Le régime ECS visé au point c) ci-dessus repose sur les sections 21 et 35A de la loi sur la réglementation bancaire de 1949, qui autorise la Reserve Bank of India à donner aux banques commerciales des instructions relatives aux crédits à l’exportation.

(15)

De plus, à la suite des allégations de l’industrie de l’Union, la Commission a cherché à savoir si le demandeur bénéficiait:

a)

du régime d’exonération de la taxe sur l’électricité (EDES);

b)

de programmes de subventions de l’État du Maharashtra;

c)

d’une fourniture d’intrants moyennant une rémunération moins qu’adéquate;

d)

d’avantages relatifs à la production et à la distribution d’électricité;

e)

d’achats de matières premières bon marché par des sociétés off-shore liées.

(16)

Enfin, la Commission a vérifié que le requérant ne bénéficiait toujours pas des régimes suivants, qui ont été examinés dans le cadre de l’enquête initiale:

a)

régime des crédits de droits à l’importation (DEPBS);

b)

régime des autorisations préalables (AAS).

3.2.   Constatations

3.2.1.   Régime des droits préférentiels à l’importation de biens d’équipement

(17)

L’enquête a révélé que le requérant avait bénéficié de ce régime au cours de la PER. Toutefois, il a été constaté que les avantages reçus étaient négligeables (0,02 %). Il a donc été considéré qu’il n’était plus nécessaire de déterminer si ce régime était ou non passible de mesures compensatoires.

3.2.2.   Régime des unités axées sur l’exportation

(18)

Il a été constaté que le requérant jouissait du statut d’unité axée sur l’exportation et avait reçu des subventions dans le cadre de ce régime au cours de la PER.

(19)

En ce qui concerne ce régime, la société a fait valoir que la Commission devait s’écarter de la méthode de calcul de l’avantage perçu dans le cadre du régime EOU appliquée lors de l’enquête initiale. La société a soutenu que certains avantages au titre du régime EOU devaient être considérés comme un système autorisé de ristourne au sens des annexes II et III du règlement de base et, par conséquent, ne devaient pas être passibles de mesures compensatoires.

(20)

Toutefois, comme il a été constaté que, indépendamment de la méthode de calcul utilisée, le taux de subvention établi pour ce régime ne dépasserait pas 0,22 %, donnant ainsi lieu à une marge de subvention totale inférieure au seuil de minimis, il a été décidé de ne pas examiner cette déclaration dans le cadre de cette enquête de réexamen.

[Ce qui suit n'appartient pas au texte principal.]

(* For the $2$-server problem on the line, for any instance $I$, any prediction, and any $\lambda\in(0,1]$, there is $c\ge0$ depending only on the initial configuration such that $\mathrm{LambdaDC}(I)\le(1+1/\lambda)\cdot\mathrm{OPT}(I)+c$.
   Context: The $2$-server problem on the line: servers on $\mathbb{R}$ labeled $s_1\le s_2$, requests revealed online and served by moving a server to them; cost = total distance moved; $\mathrm{OPT}(I)$ is the optimal offline cost. A prediction gives for each request $r_t$ an index $p_t\in\{1,2\}$. LambdaDC: if $r_t<s_1$ or $r_t>s_2$, move only the closest server; if $s_1<r_t<s_2$ and $p_t=1$, move $s_1$ at speed $1$ and $s_2$ at speed $\lambda$ towards $r_t$ until one reaches it; if $p_t=2$, the speeds are swapped. *)

theory Defs
  imports Complex_Main
begin

text \<open>2-server problem on the real line.  A configuration is a pair
 (s1, s2) of server positions.  A prediction for a request is an index 1 or 2.\<close>

text \<open>One step of LambdaDC with speed parameter lam, current configuration (a,b)
 (a \<le> b), request r and predicted index p.  Returns the new configuration and
 the cost (total distance moved) of the step.\<close>
definition lambda_dc_step :: "real \<Rightarrow> real \<times> real \<Rightarrow> real \<Rightarrow> nat \<Rightarrow> (real \<times> real) \<times> real" where
  "lambda_dc_step lam c r p =
    (let a = fst c; b = snd c in
     if r \<le> a then ((r, b), a - r)
     else if b \<le> r then ((a, r), r - b)
     else if p = 1 then
       (let t = min (r - a) ((b - r) / lam) in ((a + t, b - lam * t), t + lam * t))
     else
       (let t = min ((r - a) / lam) (b - r) in ((a + lam * t, b - t), lam * t + t)))"

fun lambda_dc_cost :: "real \<Rightarrow> real \<times> real \<Rightarrow> real list \<Rightarrow> nat list \<Rightarrow> real" where
  "lambda_dc_cost lam c (r # rs) (p # ps) =
     (let (c', k) = lambda_dc_step lam c r p in k + lambda_dc_cost lam c' rs ps)"
| "lambda_dc_cost lam c _ _ = 0"

text \<open>Movement cost of a sequence of configurations (servers are labelled:
 first/second component is the position of server 1/2), starting from c.\<close>
fun move_cost :: "real \<times> real \<Rightarrow> (real \<times> real) list \<Rightarrow> real" where
  "move_cost c [] = 0"
| "move_cost c (y # ys) = \<bar>fst y - fst c\<bar> + \<bar>snd y - snd c\<bar> + move_cost y ys"

definition feasible_schedule :: "real list \<Rightarrow> (real \<times> real) list \<Rightarrow> bool" where
  "feasible_schedule rs xs \<longleftrightarrow> length xs = length rs \<and>
     (\<forall>t < length rs. rs ! t = fst (xs ! t) \<or> rs ! t = snd (xs ! t))"

definition opt_cost :: "real \<times> real \<Rightarrow> real list \<Rightarrow> real" where
  "opt_cost c rs = Inf {move_cost c xs | xs. feasible_schedule rs xs}"

end

theory Submission
  imports Defs
begin

text \<open>Let a \<le> b be the servers of LambdaDC, M the cost of a
  minimum matching between them and the servers of an offline schedule, and
  \<Phi> = (1 + \<lambda>) M + (b - a).  A move of the offline servers by d raises \<Phi> by at
  most (1 + \<lambda>) d, while a LambdaDC step of cost k, served once the offline schedule has
  a server on the request, lowers \<Phi> by at least \<lambda> k.  Summing, \<lambda> ALG \<le> (1 + \<lambda>) OPT + \<Phi>(0),
  and \<Phi>(0) = s2 - s1 since both start from the same configuration.\<close>

lemma move_cost_nonneg: "0 \<le> move_cost c xs"
  by (induction xs arbitrary: c) auto

lemma feasible_schedule_iff_list_all2:
  "feasible_schedule rs xs \<longleftrightarrow> list_all2 (\<lambda>r d. r = fst d \<or> r = snd d) rs xs"
  unfolding feasible_schedule_def by (auto simp: list_all2_conv_all_nth)

lemma opt_cost_greatest:
  assumes "\<And>xs. feasible_schedule rs xs \<Longrightarrow> v \<le> move_cost c xs"
  shows "v \<le> opt_cost c rs"
  unfolding opt_cost_def
proof (rule cInf_greatest)
  have "feasible_schedule rs (map (\<lambda>r. (r, snd c)) rs)"
    unfolding feasible_schedule_def by simp
  then show "{move_cost c xs |xs. feasible_schedule rs xs} \<noteq> {}" by blast
qed (use assms in blast)

definition matching_dist :: "real \<times> real \<Rightarrow> real \<times> real \<Rightarrow> real" where
  "matching_dist c d =
     min (\<bar>fst c - fst d\<bar> + \<bar>snd c - snd d\<bar>) (\<bar>fst c - snd d\<bar> + \<bar>snd c - fst d\<bar>)"

lemma matching_dist_nonneg: "0 \<le> matching_dist c d"
  unfolding matching_dist_def by simp

lemma matching_dist_refl: "matching_dist c c = 0"
  unfolding matching_dist_def by simp

lemma matching_dist_swap: "matching_dist c (snd d, fst d) = matching_dist c d"
  unfolding matching_dist_def by (simp add: min.commute)

lemma matching_dist_triangle:
  "matching_dist c d' \<le> matching_dist c d + \<bar>fst d' - fst d\<bar> + \<bar>snd d' - snd d\<bar>"
  unfolding matching_dist_def min_def by (auto split: abs_split)

lemma matching_dist_move_left_onto:
  assumes "x \<le> a" "a \<le> b"
  shows "matching_dist (x, b) (x, y) \<le> matching_dist (a, b) (x, y) - (a - x)"
  using assms unfolding matching_dist_def min_def by (auto split: abs_split)

lemma matching_dist_move_right_onto:
  assumes "a \<le> b" "b \<le> x"
  shows "matching_dist (a, x) (x, y) \<le> matching_dist (a, b) (x, y) - (x - b)"
  using assms unfolding matching_dist_def min_def by (auto split: abs_split)

lemma matching_dist_move_inwards:
  assumes "a \<le> a'" "a' \<le> x" "x \<le> b'" "b' \<le> b"
  shows "matching_dist (a', b') (x, y) \<le> matching_dist (a, b) (x, y) + \<bar>(a' - a) - (b - b')\<bar>"
  using assms unfolding matching_dist_def min_def by (auto split: abs_split)

definition dc_potential :: "real \<Rightarrow> real \<times> real \<Rightarrow> real \<times> real \<Rightarrow> real" where
  "dc_potential lam c d = (1 + lam) * matching_dist c d + (snd c - fst c)"

lemma dc_potential_self: "dc_potential lam c c = snd c - fst c"
  unfolding dc_potential_def by (simp add: matching_dist_refl)

lemma dc_potential_nonneg: "0 \<le> lam \<Longrightarrow> fst c \<le> snd c \<Longrightarrow> 0 \<le> dc_potential lam c d"
  unfolding dc_potential_def by (simp add: matching_dist_nonneg)

lemma dc_potential_swap: "dc_potential lam c (snd d, fst d) = dc_potential lam c d"
  unfolding dc_potential_def by (simp add: matching_dist_swap)

lemma dc_potential_triangle:
  assumes "0 \<le> lam"
  shows "dc_potential lam c e
    \<le> dc_potential lam c d + (1 + lam) * (\<bar>fst e - fst d\<bar> + \<bar>snd e - snd d\<bar>)"
proof -
  have "(1 + lam) * matching_dist c e
      \<le> (1 + lam) * (matching_dist c d + \<bar>fst e - fst d\<bar> + \<bar>snd e - snd d\<bar>)"
    using assms matching_dist_triangle by (simp add: mult_left_mono)
  then show ?thesis unfolding dc_potential_def by (simp add: algebra_simps)
qed

lemma dc_potential_move_left_onto:
  assumes "0 \<le> lam" "x \<le> a" "a \<le> b"
  shows "lam * (a - x) + dc_potential lam (x, b) (x, y) \<le> dc_potential lam (a, b) (x, y)"
proof -
  have "(1 + lam) * matching_dist (x, b) (x, y) \<le> (1 + lam) * (matching_dist (a, b) (x, y) - (a - x))"
    using assms matching_dist_move_left_onto by (simp add: mult_left_mono)
  then show ?thesis unfolding dc_potential_def by (simp add: algebra_simps)
qed

lemma dc_potential_move_right_onto:
  assumes "0 \<le> lam" "a \<le> b" "b \<le> x"
  shows "lam * (x - b) + dc_potential lam (a, x) (x, y) \<le> dc_potential lam (a, b) (x, y)"
proof -
  have "(1 + lam) * matching_dist (a, x) (x, y) \<le> (1 + lam) * (matching_dist (a, b) (x, y) - (x - b))"
    using assms matching_dist_move_right_onto by (simp add: mult_left_mono)
  then show ?thesis unfolding dc_potential_def by (simp add: algebra_simps)
qed

lemma dc_potential_move_inwards:
  assumes lam: "0 \<le> lam" "lam \<le> 1" and speeds: "u = lam * t \<or> t = lam * u"
    and "0 \<le> t" "0 \<le> u" "a + t \<le> x" "x \<le> b - u"
  shows "lam * (t + u) + dc_potential lam (a + t, b - u) (x, y) \<le> dc_potential lam (a, b) (x, y)"
proof -
  \<comment> \<open>this is where the speed ratio matters: (1 + lam) |t - u| + lam (t + u) = t + u\<close>
  have speed_gap: "(1 + lam) * \<bar>t - u\<bar> = (1 - lam) * (t + u)"
    using speeds
  proof
    assume u: "u = lam * t"
    then have "u \<le> t" using lam \<open>0 \<le> t\<close> by (simp add: mult_left_le_one_le)
    then show ?thesis using u by (simp add: algebra_simps)
  next
    assume t: "t = lam * u"
    then have "t \<le> u" using lam \<open>0 \<le> u\<close> by (simp add: mult_left_le_one_le)
    then show ?thesis using t by (simp add: algebra_simps)
  qed
  have "matching_dist (a + t, b - u) (x, y) \<le> matching_dist (a, b) (x, y) + \<bar>t - u\<bar>"
    using matching_dist_move_inwards[of a "a + t" x "b - u" b y] assms by simp
  then have "(1 + lam) * matching_dist (a + t, b - u) (x, y)
      \<le> (1 + lam) * matching_dist (a, b) (x, y) + (1 - lam) * (t + u)"
    using lam speed_gap by (metis add_nonneg_nonneg distrib_left mult_left_mono zero_le_one)
  then show ?thesis unfolding dc_potential_def by (simp add: algebra_simps)
qed

lemma min_div_bounds:
  fixes lam e f :: real
  assumes "0 < lam" "0 \<le> e" "0 \<le> f"
  shows "0 \<le> min e (f / lam)" "min e (f / lam) \<le> e" "lam * min e (f / lam) \<le> f"
  using assms by (auto simp: min_def field_simps)

lemma lambda_dc_step_amortized_fst:
  assumes lam: "0 < lam" "lam \<le> 1" and ordered: "fst c \<le> snd c" and req: "r = fst d"
    and step: "lambda_dc_step lam c r p = (c', k)"
  shows "fst c' \<le> snd c' \<and> lam * k + dc_potential lam c' d \<le> dc_potential lam c d"
proof -
  obtain a b where c: "c = (a, b)" by (cases c)
  obtain y where d: "d = (r, y)" using req by (cases d) auto
  consider "r \<le> a" | "a < r" "b \<le> r" | "a < r" "r < b" "p = 1" | "a < r" "r < b" "p \<noteq> 1"
    by linarith
  then show ?thesis
  proof cases
    case 1
    then have "c' = (r, b)" "k = a - r"
      using step by (auto simp: c lambda_dc_step_def)
    then show ?thesis
      using dc_potential_move_left_onto[of lam r a b y] 1 ordered lam by (simp add: c d)
  next
    case 2
    then have "c' = (a, r)" "k = r - b"
      using step by (auto simp: c lambda_dc_step_def)
    then show ?thesis
      using dc_potential_move_right_onto[of lam a b r y] 2 ordered lam by (simp add: c d)
  next
    case 3
    define t where "t = min (r - a) ((b - r) / lam)"
    have "c' = (a + t, b - lam * t)" "k = t + lam * t"
      using step 3 by (auto simp: c lambda_dc_step_def t_def Let_def)
    moreover have "0 \<le> t" "a + t \<le> r" "r \<le> b - lam * t"
      using min_div_bounds[of lam "r - a" "b - r"] 3 lam by (auto simp: t_def)
    ultimately show ?thesis
      using dc_potential_move_inwards[of lam "lam * t" t a r b y] lam by (simp add: c d)
  next
    case 4
    define t where "t = min (b - r) ((r - a) / lam)"
    have "c' = (a + lam * t, b - t)" "k = lam * t + t"
      using step 4 by (auto simp: c lambda_dc_step_def t_def Let_def min.commute)
    moreover have "0 \<le> t" "a + lam * t \<le> r" "r \<le> b - t"
      using min_div_bounds[of lam "b - r" "r - a"] 4 lam by (auto simp: t_def)
    ultimately show ?thesis
      using dc_potential_move_inwards[of lam t "lam * t" a r b y] lam by (simp add: c d)
  qed
qed

lemma lambda_dc_step_amortized:
  assumes "0 < lam" "lam \<le> 1" "fst c \<le> snd c" "r = fst d \<or> r = snd d"
    and "lambda_dc_step lam c r p = (c', k)"
  shows "fst c' \<le> snd c' \<and> lam * k + dc_potential lam c' d \<le> dc_potential lam c d"
proof (cases "r = fst d")
  case True
  then show ?thesis using lambda_dc_step_amortized_fst assms by blast
next
  case False
  then have "r = fst (snd d, fst d)" using assms(4) by simp
  from lambda_dc_step_amortized_fst[OF assms(1-3) this assms(5)] show ?thesis
    by (simp add: dc_potential_swap)
qed

lemma lambda_dc_cost_amortized:
  assumes lam: "0 < lam" "lam \<le> 1"
  shows "fst c \<le> snd c \<Longrightarrow> list_all2 (\<lambda>r d. r = fst d \<or> r = snd d) rs xs \<Longrightarrow>
    lam * lambda_dc_cost lam c rs ps \<le> (1 + lam) * move_cost d xs + dc_potential lam c d"
proof (induction rs arbitrary: c ps d xs)
  case Nil
  then show ?case
    using lam move_cost_nonneg[of d xs] dc_potential_nonneg[of lam c d] by simp
next
  case (Cons r rs)
  show ?case
  proof (cases ps)
    case Nil
    then show ?thesis
      using lam Cons.prems move_cost_nonneg[of d xs] dc_potential_nonneg[of lam c d] by simp
  next
    case (Cons p ps')
    obtain e xs' where xs: "xs = e # xs'" and req: "r = fst e \<or> r = snd e"
      and feasible: "list_all2 (\<lambda>r d. r = fst d \<or> r = snd d) rs xs'"
      using Cons.prems(2) by (auto simp: list_all2_Cons1)
    obtain c' k where step: "lambda_dc_step lam c r p = (c', k)"
      by (cases "lambda_dc_step lam c r p")
    have "fst c' \<le> snd c'" and amortized: "lam * k + dc_potential lam c' e \<le> dc_potential lam c e"
      using lambda_dc_step_amortized[OF lam Cons.prems(1) req step] by auto
    have "lam * lambda_dc_cost lam c (r # rs) ps = lam * k + lam * lambda_dc_cost lam c' rs ps'"
      using Cons step by (simp add: algebra_simps)
    also have "\<dots> \<le> lam * k + (1 + lam) * move_cost e xs' + dc_potential lam c' e"
      using Cons.IH[OF \<open>fst c' \<le> snd c'\<close> feasible] by simp
    also have "\<dots> \<le> (1 + lam) * move_cost e xs' + dc_potential lam c e"
      using amortized by simp
    also have "\<dots> \<le> (1 + lam) * move_cost d xs + dc_potential lam c d"
      using dc_potential_triangle[of lam c e d] lam by (simp add: xs algebra_simps)
    finally show ?thesis .
  qed
qed

theorem lemma6:
  fixes lam :: real and s1 s2 :: real
  assumes "0 < lam" and "lam \<le> 1" and "s1 \<le> s2"
  shows "\<exists>c \<ge> 0. \<forall>(rs :: real list) (ps :: nat list).
           length ps = length rs \<longrightarrow> set ps \<subseteq> {1, 2} \<longrightarrow>
           lambda_dc_cost lam (s1, s2) rs ps \<le> (1 + 1 / lam) * opt_cost (s1, s2) rs + c"
proof (intro exI[of _ "(s2 - s1) / lam"] conjI allI impI)
  show "0 \<le> (s2 - s1) / lam" using assms by simp
  fix rs :: "real list" and ps :: "nat list"
  let ?alg = "lambda_dc_cost lam (s1, s2) rs ps"
  have "(lam * ?alg - (s2 - s1)) / (1 + lam) \<le> opt_cost (s1, s2) rs"
  proof (rule opt_cost_greatest)
    fix xs assume "feasible_schedule rs xs"
    then have "lam * ?alg \<le> (1 + lam) * move_cost (s1, s2) xs + (s2 - s1)"
      using lambda_dc_cost_amortized[OF assms(1,2), of "(s1, s2)" rs xs ps "(s1, s2)"] assms(3)
      by (simp add: feasible_schedule_iff_list_all2 dc_potential_self)
    then show "(lam * ?alg - (s2 - s1)) / (1 + lam) \<le> move_cost (s1, s2) xs"
      using assms(1) by (simp add: divide_le_eq algebra_simps)
  qed
  then have "lam * ?alg \<le> (1 + lam) * opt_cost (s1, s2) rs + (s2 - s1)"
    using assms(1) by (simp add: divide_le_eq algebra_simps)
  moreover have "(1 + 1 / lam) * opt_cost (s1, s2) rs + (s2 - s1) / lam
      = ((1 + lam) * opt_cost (s1, s2) rs + (s2 - s1)) / lam"
    using assms(1) by (simp add: field_simps)
  ultimately show "?alg \<le> (1 + 1 / lam) * opt_cost (s1, s2) rs + (s2 - s1) / lam"
    using assms(1) by (simp add: le_divide_eq mult.commute)
qed

end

3.2.3.   Régime de crédits à l’exportation

(21)

Il a été établi que le requérant n’avait pas bénéficié de ce régime au cours de la PER.

3.2.4.   Régime d’exonération de la taxe sur l’électricité

(22)

L’enquête a révélé que le requérant avait bénéficié de ce régime au cours de la PER. Néanmoins, il a été constaté que les avantages reçus étaient négligeables. Il a donc été considéré qu’il n’était plus nécessaire de déterminer si ce régime était ou non passible de mesures compensatoires.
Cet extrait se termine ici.